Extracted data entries
::::
(* Define the score \[r=\frac{\mathrm{mark}}{\mathrm{entry}}\cdot\frac{\mathrm{notional}}{\mathrm{account\ value}}.\] 1. The score is homogeneous of degree zero in $(\mathrm{notional},\mathrm{account\ value})$: for every $\alpha>0$, $r(\alpha\,\mathrm{notional},\alpha\,\mathrm{account\ value})=r(\mathrm{notional},\mathrm{account\ value})$. 2. Therefore a proportional split of an account preserves its score. 3. If no other winner shares the parent's score, a proportional split preserves the aggregate seizure under the queue rule ranked by $r$; that is, the queue rule is Sybil resistant.
   Context: Each winning account has a mark price, an entry price, a notional, an account value $>0$, and a haircutable endowment. A proportional split of an account into children $a=1,\dots,m$ uses fractions $\alpha_a>0$ with $\sum_a\alpha_a=1$. Each child has notional, account value and endowment equal to $\alpha_a$ times the parent's, and the same mark and entry prices. The queue rule with budget $B$ works as follows: - It processes winners in decreasing order of score. - Each processed winner $j$ with endowment $w_j$ has $\min\{w_j,\text{remaining budget}\}$ seized. - The seized amount is subtracted from the remaining budget. The queue rule is Sybil resistant for a split if the total seizure from the children equals the seizure from the unsplit parent. *)

theory Defs
  imports Complex_Main
begin

text \<open>A winning account: mark price, entry price, notional, account value, haircutable endowment.\<close>
record account =
  mark :: real
  entry :: real
  notional :: real
  acct_value :: real
  endow :: real

definition score_fn :: "real \<Rightarrow> real \<Rightarrow> real \<Rightarrow> real \<Rightarrow> real" where
  "score_fn m e n v = (m / e) * (n / v)"

definition score :: "account \<Rightarrow> real" where
  "score a = score_fn (mark a) (entry a) (notional a) (acct_value a)"

definition split_child :: "real \<Rightarrow> account \<Rightarrow> account" where
  "split_child \<alpha> p = \<lparr>mark = mark p, entry = entry p, notional = \<alpha> * notional p,
                        acct_value = \<alpha> * acct_value p, endow = \<alpha> * endow p\<rparr>"

definition proportional_split :: "real list \<Rightarrow> account \<Rightarrow> account list" where
  "proportional_split \<alpha>s p = map (\<lambda>\<alpha>. split_child \<alpha> p) \<alpha>s"

definition valid_fractions :: "real list \<Rightarrow> bool" where
  "valid_fractions \<alpha>s \<longleftrightarrow> \<alpha>s \<noteq> [] \<and> (\<forall>\<alpha>\<in>set \<alpha>s. \<alpha> > 0) \<and> sum_list \<alpha>s = 1"

fun seize_seq :: "real \<Rightarrow> real list \<Rightarrow> real" where
  "seize_seq B [] = 0"
| "seize_seq B (w # ws) = min w B + seize_seq (B - min w B) ws"

text \<open>Queue rule: winners processed in decreasing order of score (ties kept in
  input order, stable sort).\<close>
definition queue_total :: "real \<Rightarrow> account list \<Rightarrow> real" where
  "queue_total B ws = seize_seq B (map endow (sort_key (\<lambda>a. - score a) ws))"

end

theory Submission
  imports Defs
begin

text \<open>The score depends on notional and account value only through their ratio, so every
  child of a proportional split has the parent's score. If no other winner shares that score,
  sorting by score places the children in one contiguous block exactly where the parent would
  stand. The queue then reaches this block with the same remaining budget, and from a block of
  endowments of one sign it seizes the minimum of the budget and the block's total; the
  children's endowments sum to the parent's.\<close>

lemma score_fn_scale:
  fixes \<alpha> :: real
  assumes "\<alpha> \<noteq> 0"
  shows "score_fn m e (\<alpha> * n) (\<alpha> * v) = score_fn m e n v"
  using assms by (simp add: score_fn_def)

lemma score_split_child:
  assumes "\<alpha> \<noteq> 0"
  shows "score (split_child \<alpha> p) = score p"
  using score_fn_scale[OF assms] by (simp add: score_def split_child_def)

lemma score_proportional_split:
  assumes "\<forall>\<alpha>\<in>set \<alpha>s. \<alpha> \<noteq> 0" and "c \<in> set (proportional_split \<alpha>s p)"
  shows "score c = score p"
  using assms score_split_child by (auto simp: proportional_split_def)

lemma seize_seq_append:
  "seize_seq B (xs @ ys) = seize_seq B xs + seize_seq (B - seize_seq B xs) ys"
  by (induction xs arbitrary: B) (auto simp: algebra_simps)

lemma seize_seq_le_budget: "B \<ge> 0 \<Longrightarrow> seize_seq B ws \<le> B"
proof (induction ws arbitrary: B)
  case (Cons w ws)
  show ?case using Cons.IH[of "B - min w B"] by simp
qed simp

lemma seize_seq_same_sign:
  assumes "B \<ge> 0" and "(\<forall>w\<in>set ws. w \<ge> 0) \<or> (\<forall>w\<in>set ws. w \<le> 0)"
  shows "seize_seq B ws = min (sum_list ws) B"
  using assms
proof (induction ws arbitrary: B)
  case (Cons w ws)
  have "seize_seq (B - min w B) ws = min (sum_list ws) (B - min w B)"
    using Cons.prems by (intro Cons.IH) auto
  moreover have "(w \<ge> 0 \<and> sum_list ws \<ge> 0) \<or> (w \<le> 0 \<and> sum_list ws \<le> 0)"
    using Cons.prems(2) by (auto intro: sum_list_nonneg sum_list_nonpos)
  ultimately show ?case using Cons.prems(1) by (auto simp: min_def)
qed simp

lemma seize_seq_scaled:
  fixes w :: real
  assumes "B \<ge> 0" and "\<forall>\<alpha>\<in>set \<alpha>s. \<alpha> \<ge> 0" and "sum_list \<alpha>s = 1"
  shows "seize_seq B (map (\<lambda>\<alpha>. \<alpha> * w) \<alpha>s) = seize_seq B [w]"
proof -
  have "(\<forall>x\<in>set (map (\<lambda>\<alpha>. \<alpha> * w) \<alpha>s). x \<ge> 0) \<or> (\<forall>x\<in>set (map (\<lambda>\<alpha>. \<alpha> * w) \<alpha>s). x \<le> 0)"
    using assms(2) by (cases "w \<ge> 0") (auto simp: mult_nonneg_nonpos)
  then have "seize_seq B (map (\<lambda>\<alpha>. \<alpha> * w) \<alpha>s) = min (sum_list \<alpha>s * w) B"
    using seize_seq_same_sign[OF assms(1)] by (simp add: sum_list_mult_const)
  then show ?thesis using assms(3) by simp
qed

lemma seize_seq_middle_cong:
  assumes "\<And>B'. B' \<ge> 0 \<Longrightarrow> seize_seq B' xs = seize_seq B' ys" and "B \<ge> 0"
  shows "seize_seq B (as @ xs @ bs) = seize_seq B (as @ ys @ bs)"
proof -
  define B' where "B' = B - seize_seq B as"
  have "B' \<ge> 0" using seize_seq_le_budget[OF assms(2)] by (simp add: B'_def)
  then have "seize_seq B' (xs @ bs) = seize_seq B' (ys @ bs)"
    using assms(1) by (simp add: seize_seq_append)
  then show ?thesis by (simp add: seize_seq_append flip: B'_def)
qed

lemma sorted_map_partition:
  fixes f :: "'a \<Rightarrow> 'b::linorder"
  assumes "sorted (map f xs)"
  shows "xs = [x\<leftarrow>xs. f x < k] @ [x\<leftarrow>xs. f x = k] @ [x\<leftarrow>xs. k < f x]"
  using assms
proof (induction xs)
  case (Cons x xs)
  have IH: "xs = [x\<leftarrow>xs. f x < k] @ [x\<leftarrow>xs. f x = k] @ [x\<leftarrow>xs. k < f x]"
    using Cons by simp
  have ge: "\<forall>y\<in>set xs. f x \<le> f y" using Cons.prems by simp
  consider "f x < k" | "f x = k" | "k < f x" by fastforce
  then show ?case
  proof cases
    case 1
    then show ?thesis using IH by auto
  next
    case 2
    then have "[y\<leftarrow>xs. f y < k] = []" using ge by (auto simp: filter_empty_conv)
    then show ?thesis using IH 2 by simp
  next
    case 3
    then have "[y\<leftarrow>xs. f y < k] = []" "[y\<leftarrow>xs. f y = k] = []"
      using ge by (auto simp: filter_empty_conv)
    then show ?thesis using IH 3 by auto
  qed
qed simp

lemma sort_key_partition:
  fixes f :: "'a \<Rightarrow> 'b::linorder"
  shows "sort_key f xs =
    sort_key f [x\<leftarrow>xs. f x < k] @ [x\<leftarrow>xs. f x = k] @ sort_key f [x\<leftarrow>xs. k < f x]"
  using sorted_map_partition[of f "sort_key f xs" k]
  by (simp only: sorted_sort_key sort_key_stable filter_sort simp_thms)

lemma sort_key_isolated_block:
  fixes f :: "'a \<Rightarrow> 'b::linorder"
  assumes "\<forall>c\<in>set cs. f c = k" and "\<forall>x\<in>set (xs @ ys). f x \<noteq> k"
  shows "sort_key f (xs @ cs @ ys) =
    sort_key f [x\<leftarrow>xs @ ys. f x < k] @ cs @ sort_key f [x\<leftarrow>xs @ ys. k < f x]"
  using assms sort_key_partition[of f "xs @ cs @ ys" k] by (simp add: filter_empty_conv)

lemma queue_total_proportional_split:
  assumes "B \<ge> 0" and "valid_fractions \<alpha>s" and "\<forall>a\<in>set (ws1 @ ws2). score a \<noteq> score p"
  shows "queue_total B (ws1 @ proportional_split \<alpha>s p @ ws2) = queue_total B (ws1 @ [p] @ ws2)"
proof -
  have pos: "\<forall>\<alpha>\<in>set \<alpha>s. \<alpha> > 0" and sum: "sum_list \<alpha>s = 1"
    using assms(2) by (auto simp: valid_fractions_def)
  let ?f = "\<lambda>a. - score a"
  let ?lo = "map endow (sort_key ?f [x\<leftarrow>ws1 @ ws2. ?f x < - score p])"
  let ?hi = "map endow (sort_key ?f [x\<leftarrow>ws1 @ ws2. - score p < ?f x])"
  have block: "queue_total B (ws1 @ cs @ ws2) = seize_seq B (?lo @ map endow cs @ ?hi)"
    if "\<forall>c\<in>set cs. ?f c = - score p" for cs
    unfolding queue_total_def
    by (subst sort_key_isolated_block[OF that]) (use assms(3) in auto)
  have "\<forall>c\<in>set (proportional_split \<alpha>s p). ?f c = - score p"
    using pos score_proportional_split[of \<alpha>s _ p] by auto
  then have "queue_total B (ws1 @ proportional_split \<alpha>s p @ ws2)
      = seize_seq B (?lo @ map endow (proportional_split \<alpha>s p) @ ?hi)"
    by (rule block)
  also have "\<dots> = seize_seq B (?lo @ map endow [p] @ ?hi)"
  proof (rule seize_seq_middle_cong[OF _ assms(1)])
    fix B' :: real
    assume "B' \<ge> 0"
    moreover have "map endow (proportional_split \<alpha>s p) = map (\<lambda>\<alpha>. \<alpha> * endow p) \<alpha>s"
      by (simp add: proportional_split_def split_child_def)
    ultimately show "seize_seq B' (map endow (proportional_split \<alpha>s p)) = seize_seq B' (map endow [p])"
      using seize_seq_scaled[of B' \<alpha>s "endow p"] pos sum by (auto intro: less_imp_le)
  qed
  also have "\<dots> = queue_total B (ws1 @ [p] @ ws2)"
    by (rule block[symmetric]) simp
  finally show ?thesis .
qed

theorem mainTheorem6:
  shows "(\<forall>m e n v \<alpha>. \<alpha> > 0 \<longrightarrow> score_fn m e (\<alpha> * n) (\<alpha> * v) = score_fn m e n v)
    \<and> (\<forall>p \<alpha>s. valid_fractions \<alpha>s \<longrightarrow>
         (\<forall>c\<in>set (proportional_split \<alpha>s p). score c = score p))
    \<and> (\<forall>B p \<alpha>s ws1 ws2. B \<ge> 0 \<longrightarrow> valid_fractions \<alpha>s \<longrightarrow>
         acct_value p > 0 \<longrightarrow> (\<forall>a\<in>set (ws1 @ ws2). acct_value a > 0) \<longrightarrow>
         (\<forall>a\<in>set (ws1 @ ws2). score a \<noteq> score p) \<longrightarrow>
         queue_total B (ws1 @ proportional_split \<alpha>s p @ ws2) = queue_total B (ws1 @ p # ws2))"
proof (intro conjI allI impI ballI)
  show "score_fn m e (\<alpha> * n) (\<alpha> * v) = score_fn m e n v" if "\<alpha> > 0" for m e n v \<alpha> :: real
    using that by (simp add: score_fn_scale)
  show "score c = score p"
    if "valid_fractions \<alpha>s" and "c \<in> set (proportional_split \<alpha>s p)" for p \<alpha>s c
    using that by (auto simp: valid_fractions_def intro: score_proportional_split)
  show "queue_total B (ws1 @ proportional_split \<alpha>s p @ ws2) = queue_total B (ws1 @ p # ws2)"
    if "B \<ge> 0" and "valid_fractions \<alpha>s" and "\<forall>a\<in>set (ws1 @ ws2). score a \<noteq> score p"
    for B p \<alpha>s ws1 ws2
    using queue_total_proportional_split[OF that] by simp
qed

end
::::
- **Task instructions**
Retype, exactly and in full, the lines above from the one containing "0) \<or> (\<forall>x\<in>set" through the one containing "using assms(2) by (cases".

- **Your response**
  have "(\<forall>x\<in>set (map (\<lambda>\<alpha>. \<alpha> * w) \<alpha>s). x \<ge> 0) \<or> (\<forall>x\<in>set (map (\<lambda>\<alpha>. \<alpha> * w) \<alpha>s). x \<le> 0)"
    using assms(2) by (cases "w \<ge> 0") (auto simp: mult_nonneg_nonpos)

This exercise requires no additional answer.